Input records —
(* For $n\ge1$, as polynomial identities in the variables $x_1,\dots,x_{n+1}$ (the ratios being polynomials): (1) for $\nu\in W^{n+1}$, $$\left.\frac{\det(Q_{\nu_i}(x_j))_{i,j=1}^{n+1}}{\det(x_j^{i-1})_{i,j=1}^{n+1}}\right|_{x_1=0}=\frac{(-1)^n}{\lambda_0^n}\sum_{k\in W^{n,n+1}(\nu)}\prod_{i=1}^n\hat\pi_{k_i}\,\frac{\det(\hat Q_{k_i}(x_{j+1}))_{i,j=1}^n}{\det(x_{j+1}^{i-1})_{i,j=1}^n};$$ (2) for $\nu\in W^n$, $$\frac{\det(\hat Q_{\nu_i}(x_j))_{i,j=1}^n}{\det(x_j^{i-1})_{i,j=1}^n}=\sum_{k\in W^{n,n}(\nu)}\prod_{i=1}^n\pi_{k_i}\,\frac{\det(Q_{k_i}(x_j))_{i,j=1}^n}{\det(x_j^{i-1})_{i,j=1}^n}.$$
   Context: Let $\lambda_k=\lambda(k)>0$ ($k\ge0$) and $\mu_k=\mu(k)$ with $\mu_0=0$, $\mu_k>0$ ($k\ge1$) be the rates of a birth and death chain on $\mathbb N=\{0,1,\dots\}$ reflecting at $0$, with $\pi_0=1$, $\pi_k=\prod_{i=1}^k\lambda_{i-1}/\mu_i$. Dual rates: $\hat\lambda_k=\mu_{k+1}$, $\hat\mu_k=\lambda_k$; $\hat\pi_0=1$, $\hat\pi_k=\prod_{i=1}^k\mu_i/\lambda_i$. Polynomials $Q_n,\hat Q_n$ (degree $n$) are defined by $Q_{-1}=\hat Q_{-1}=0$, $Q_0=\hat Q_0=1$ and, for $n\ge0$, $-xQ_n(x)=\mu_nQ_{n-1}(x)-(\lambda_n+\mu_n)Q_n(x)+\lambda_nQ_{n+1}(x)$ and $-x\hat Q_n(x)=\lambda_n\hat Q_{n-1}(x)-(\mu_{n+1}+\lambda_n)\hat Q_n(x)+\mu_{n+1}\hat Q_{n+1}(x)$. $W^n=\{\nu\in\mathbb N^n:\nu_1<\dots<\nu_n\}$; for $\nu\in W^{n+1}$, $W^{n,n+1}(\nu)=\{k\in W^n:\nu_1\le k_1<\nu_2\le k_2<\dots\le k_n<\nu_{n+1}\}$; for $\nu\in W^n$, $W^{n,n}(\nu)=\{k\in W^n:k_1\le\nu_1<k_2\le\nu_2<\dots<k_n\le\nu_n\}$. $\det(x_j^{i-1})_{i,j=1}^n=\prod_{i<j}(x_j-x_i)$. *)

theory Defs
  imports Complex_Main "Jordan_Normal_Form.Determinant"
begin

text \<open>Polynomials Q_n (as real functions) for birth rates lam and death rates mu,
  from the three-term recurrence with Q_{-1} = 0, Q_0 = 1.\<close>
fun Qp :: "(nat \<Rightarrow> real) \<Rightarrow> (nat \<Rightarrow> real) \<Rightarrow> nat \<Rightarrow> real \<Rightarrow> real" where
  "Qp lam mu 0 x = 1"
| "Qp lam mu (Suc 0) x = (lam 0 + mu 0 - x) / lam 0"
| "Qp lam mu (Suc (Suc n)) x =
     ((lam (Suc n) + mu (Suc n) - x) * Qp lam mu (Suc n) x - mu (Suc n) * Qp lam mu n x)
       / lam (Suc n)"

---

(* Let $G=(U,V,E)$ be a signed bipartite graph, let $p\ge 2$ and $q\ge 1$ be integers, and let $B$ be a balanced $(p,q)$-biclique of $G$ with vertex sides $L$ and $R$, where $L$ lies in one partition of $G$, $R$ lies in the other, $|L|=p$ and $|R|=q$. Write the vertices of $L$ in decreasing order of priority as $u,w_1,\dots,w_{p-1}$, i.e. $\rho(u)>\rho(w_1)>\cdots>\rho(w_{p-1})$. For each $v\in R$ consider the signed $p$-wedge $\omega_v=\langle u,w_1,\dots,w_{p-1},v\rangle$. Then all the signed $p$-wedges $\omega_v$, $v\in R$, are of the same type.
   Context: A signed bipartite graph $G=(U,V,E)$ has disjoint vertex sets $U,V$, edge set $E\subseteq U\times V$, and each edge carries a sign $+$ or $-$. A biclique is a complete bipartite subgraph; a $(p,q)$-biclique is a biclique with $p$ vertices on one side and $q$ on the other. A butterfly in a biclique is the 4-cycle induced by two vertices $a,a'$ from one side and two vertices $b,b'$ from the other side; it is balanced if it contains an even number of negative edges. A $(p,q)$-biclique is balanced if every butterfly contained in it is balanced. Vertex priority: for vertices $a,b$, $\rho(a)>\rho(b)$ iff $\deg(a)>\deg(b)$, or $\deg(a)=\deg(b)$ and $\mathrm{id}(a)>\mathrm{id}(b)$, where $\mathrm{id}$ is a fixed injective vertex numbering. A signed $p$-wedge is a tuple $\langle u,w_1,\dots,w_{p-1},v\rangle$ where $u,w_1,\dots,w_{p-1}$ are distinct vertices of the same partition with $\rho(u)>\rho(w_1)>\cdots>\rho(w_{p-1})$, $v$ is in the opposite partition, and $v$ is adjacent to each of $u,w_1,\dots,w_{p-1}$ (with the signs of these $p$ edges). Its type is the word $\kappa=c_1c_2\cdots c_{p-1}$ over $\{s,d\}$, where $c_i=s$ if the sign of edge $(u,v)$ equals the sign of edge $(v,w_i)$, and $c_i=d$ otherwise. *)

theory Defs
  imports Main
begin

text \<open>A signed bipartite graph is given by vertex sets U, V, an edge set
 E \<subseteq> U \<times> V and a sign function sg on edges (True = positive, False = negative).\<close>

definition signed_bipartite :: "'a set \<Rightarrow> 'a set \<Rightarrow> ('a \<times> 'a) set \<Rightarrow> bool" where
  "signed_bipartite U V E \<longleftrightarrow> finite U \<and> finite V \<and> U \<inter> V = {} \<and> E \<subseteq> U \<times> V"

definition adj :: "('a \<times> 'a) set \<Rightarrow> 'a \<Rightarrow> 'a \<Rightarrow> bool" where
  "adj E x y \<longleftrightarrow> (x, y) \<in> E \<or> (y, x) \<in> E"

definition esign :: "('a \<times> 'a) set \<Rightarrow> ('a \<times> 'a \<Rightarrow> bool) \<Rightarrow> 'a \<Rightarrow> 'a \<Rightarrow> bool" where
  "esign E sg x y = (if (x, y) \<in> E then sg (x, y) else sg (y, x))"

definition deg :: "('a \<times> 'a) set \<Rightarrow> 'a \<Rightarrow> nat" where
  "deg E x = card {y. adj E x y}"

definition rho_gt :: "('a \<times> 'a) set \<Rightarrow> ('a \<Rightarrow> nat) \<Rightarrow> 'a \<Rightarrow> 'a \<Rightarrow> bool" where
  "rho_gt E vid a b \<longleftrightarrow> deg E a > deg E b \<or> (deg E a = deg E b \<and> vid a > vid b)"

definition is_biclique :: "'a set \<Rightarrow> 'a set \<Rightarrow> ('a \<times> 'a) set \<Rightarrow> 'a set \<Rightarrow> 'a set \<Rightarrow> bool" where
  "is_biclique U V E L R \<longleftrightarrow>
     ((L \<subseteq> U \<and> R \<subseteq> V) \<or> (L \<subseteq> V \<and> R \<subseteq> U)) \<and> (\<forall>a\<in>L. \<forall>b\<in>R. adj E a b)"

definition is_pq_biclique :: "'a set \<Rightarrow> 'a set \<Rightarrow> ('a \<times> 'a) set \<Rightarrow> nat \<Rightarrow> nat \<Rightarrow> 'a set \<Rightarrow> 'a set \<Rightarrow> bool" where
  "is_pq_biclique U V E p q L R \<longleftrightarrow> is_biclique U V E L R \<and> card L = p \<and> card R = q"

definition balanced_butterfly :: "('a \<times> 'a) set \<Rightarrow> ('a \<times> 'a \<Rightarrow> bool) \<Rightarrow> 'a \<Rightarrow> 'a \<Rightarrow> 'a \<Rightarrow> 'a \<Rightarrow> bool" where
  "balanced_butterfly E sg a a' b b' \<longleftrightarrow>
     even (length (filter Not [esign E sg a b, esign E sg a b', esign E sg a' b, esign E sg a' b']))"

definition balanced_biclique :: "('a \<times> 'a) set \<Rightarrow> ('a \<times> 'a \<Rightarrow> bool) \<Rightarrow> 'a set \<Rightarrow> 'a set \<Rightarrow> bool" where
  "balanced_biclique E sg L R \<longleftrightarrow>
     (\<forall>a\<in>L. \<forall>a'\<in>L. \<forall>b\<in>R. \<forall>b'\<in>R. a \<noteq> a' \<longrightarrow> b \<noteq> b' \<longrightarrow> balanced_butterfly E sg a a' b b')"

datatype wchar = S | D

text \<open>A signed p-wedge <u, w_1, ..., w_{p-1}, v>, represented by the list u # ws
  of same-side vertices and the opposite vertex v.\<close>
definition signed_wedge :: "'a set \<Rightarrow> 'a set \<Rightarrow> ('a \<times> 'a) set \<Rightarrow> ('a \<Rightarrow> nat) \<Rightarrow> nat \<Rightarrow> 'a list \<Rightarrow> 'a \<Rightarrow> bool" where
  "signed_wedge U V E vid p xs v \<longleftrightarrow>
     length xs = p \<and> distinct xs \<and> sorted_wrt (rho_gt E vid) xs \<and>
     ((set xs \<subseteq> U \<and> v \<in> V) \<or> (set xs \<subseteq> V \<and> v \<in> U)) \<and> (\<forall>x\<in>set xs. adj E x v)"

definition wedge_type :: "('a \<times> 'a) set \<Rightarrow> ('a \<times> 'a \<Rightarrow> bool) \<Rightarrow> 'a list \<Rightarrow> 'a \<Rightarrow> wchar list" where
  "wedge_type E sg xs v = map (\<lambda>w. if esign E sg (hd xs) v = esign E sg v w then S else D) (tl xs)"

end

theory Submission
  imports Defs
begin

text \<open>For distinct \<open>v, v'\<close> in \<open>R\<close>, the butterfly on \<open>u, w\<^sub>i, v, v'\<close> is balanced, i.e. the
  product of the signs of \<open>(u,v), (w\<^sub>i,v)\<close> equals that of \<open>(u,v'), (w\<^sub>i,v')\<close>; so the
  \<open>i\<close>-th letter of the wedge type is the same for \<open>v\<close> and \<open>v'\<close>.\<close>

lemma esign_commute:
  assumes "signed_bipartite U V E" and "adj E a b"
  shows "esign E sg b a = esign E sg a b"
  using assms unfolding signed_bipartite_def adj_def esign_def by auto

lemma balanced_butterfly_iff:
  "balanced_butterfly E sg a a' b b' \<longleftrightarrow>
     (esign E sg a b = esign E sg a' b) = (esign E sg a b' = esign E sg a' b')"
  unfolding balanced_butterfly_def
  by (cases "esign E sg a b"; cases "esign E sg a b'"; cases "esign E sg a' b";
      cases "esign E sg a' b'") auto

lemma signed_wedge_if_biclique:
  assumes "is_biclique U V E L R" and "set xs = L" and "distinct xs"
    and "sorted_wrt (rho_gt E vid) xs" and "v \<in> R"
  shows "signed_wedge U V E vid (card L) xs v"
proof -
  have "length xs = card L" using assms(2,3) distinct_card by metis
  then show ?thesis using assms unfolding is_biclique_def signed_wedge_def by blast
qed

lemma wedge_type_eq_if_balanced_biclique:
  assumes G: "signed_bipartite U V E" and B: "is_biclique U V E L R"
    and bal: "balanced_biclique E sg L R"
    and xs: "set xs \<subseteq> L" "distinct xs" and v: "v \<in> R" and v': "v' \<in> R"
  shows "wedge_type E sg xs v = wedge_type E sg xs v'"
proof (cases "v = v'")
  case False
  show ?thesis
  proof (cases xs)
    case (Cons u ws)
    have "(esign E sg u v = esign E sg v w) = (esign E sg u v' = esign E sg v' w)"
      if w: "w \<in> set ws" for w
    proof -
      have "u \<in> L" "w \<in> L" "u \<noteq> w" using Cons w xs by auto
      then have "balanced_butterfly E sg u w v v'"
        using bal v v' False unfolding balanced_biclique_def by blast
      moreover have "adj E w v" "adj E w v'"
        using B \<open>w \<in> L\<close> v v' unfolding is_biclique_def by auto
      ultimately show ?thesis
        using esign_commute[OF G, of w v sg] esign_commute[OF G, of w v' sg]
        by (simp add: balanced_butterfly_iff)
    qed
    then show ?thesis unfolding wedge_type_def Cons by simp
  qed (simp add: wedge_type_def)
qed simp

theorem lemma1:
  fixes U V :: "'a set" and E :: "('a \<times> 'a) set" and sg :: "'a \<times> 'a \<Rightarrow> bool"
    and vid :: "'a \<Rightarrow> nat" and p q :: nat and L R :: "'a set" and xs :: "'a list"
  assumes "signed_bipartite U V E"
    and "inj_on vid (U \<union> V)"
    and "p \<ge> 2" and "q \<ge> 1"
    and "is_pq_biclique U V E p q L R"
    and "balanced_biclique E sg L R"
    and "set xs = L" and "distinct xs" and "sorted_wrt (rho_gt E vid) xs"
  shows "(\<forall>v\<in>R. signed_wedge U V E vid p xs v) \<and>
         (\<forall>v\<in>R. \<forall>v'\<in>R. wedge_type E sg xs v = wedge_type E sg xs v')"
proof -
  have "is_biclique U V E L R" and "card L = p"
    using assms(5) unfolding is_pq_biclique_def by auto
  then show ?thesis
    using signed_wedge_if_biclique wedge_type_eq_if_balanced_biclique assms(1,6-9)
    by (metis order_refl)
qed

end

Instructions to follow — Reproduce exactly the section above that begins at the line containing "map (\<lambda>w. if" and ends at the line containing "using esign_commute[OF G, of", leaving out all other lines.

The answer —
  "wedge_type E sg xs v = map (\<lambda>w. if esign E sg (hd xs) v = esign E sg v w then S else D) (tl xs)"

end

theory Submission
  imports Defs
begin

text \<open>For distinct \<open>v, v'\<close> in \<open>R\<close>, the butterfly on \<open>u, w\<^sub>i, v, v'\<close> is balanced, i.e. the
  product of the signs of \<open>(u,v), (w\<^sub>i,v)\<close> equals that of \<open>(u,v'), (w\<^sub>i,v')\<close>; so the
  \<open>i\<close>-th letter of the wedge type is the same for \<open>v\<close> and \<open>v'\<close>.\<close>

lemma esign_commute:
  assumes "signed_bipartite U V E" and "adj E a b"
  shows "esign E sg b a = esign E sg a b"
  using assms unfolding signed_bipartite_def adj_def esign_def by auto

lemma balanced_butterfly_iff:
  "balanced_butterfly E sg a a' b b' \<longleftrightarrow>
     (esign E sg a b = esign E sg a' b) = (esign E sg a b' = esign E sg a' b')"
  unfolding balanced_butterfly_def
  by (cases "esign E sg a b"; cases "esign E sg a b'"; cases "esign E sg a' b";
      cases "esign E sg a' b'") auto

lemma signed_wedge_if_biclique:
  assumes "is_biclique U V E L R" and "set xs = L" and "distinct xs"
    and "sorted_wrt (rho_gt E vid) xs" and "v \<in> R"
  shows "signed_wedge U V E vid (card L) xs v"
proof -
  have "length xs = card L" using assms(2,3) distinct_card by metis
  then show ?thesis using assms unfolding is_biclique_def signed_wedge_def by blast
qed

lemma wedge_type_eq_if_balanced_biclique:
  assumes G: "signed_bipartite U V E" and B: "is_biclique U V E L R"
    and bal: "balanced_biclique E sg L R"
    and xs: "set xs \<subseteq> L" "distinct xs" and v: "v \<in> R" and v': "v' \<in> R"
  shows "wedge_type E sg xs v = wedge_type E sg xs v'"
proof (cases "v = v'")
  case False
  show ?thesis
  proof (cases xs)
    case (Cons u ws)
    have "(esign E sg u v = esign E sg v w) = (esign E sg u v' = esign E sg v' w)"
      if w: "w \<in> set ws" for w
    proof -
      have "u \<in> L" "w \<in> L" "u \<noteq> w" using Cons w xs by auto
      then have "balanced_butterfly E sg u w v v'"
        using bal v v' False unfolding balanced_biclique_def by blast
      moreover have "adj E w v" "adj E w v'"
        using B \<open>w \<in> L\<close> v v' unfolding is_biclique_def by auto
      ultimately show ?thesis
        using esign_commute[OF G, of w v sg] esign_commute[OF G, of w v' sg]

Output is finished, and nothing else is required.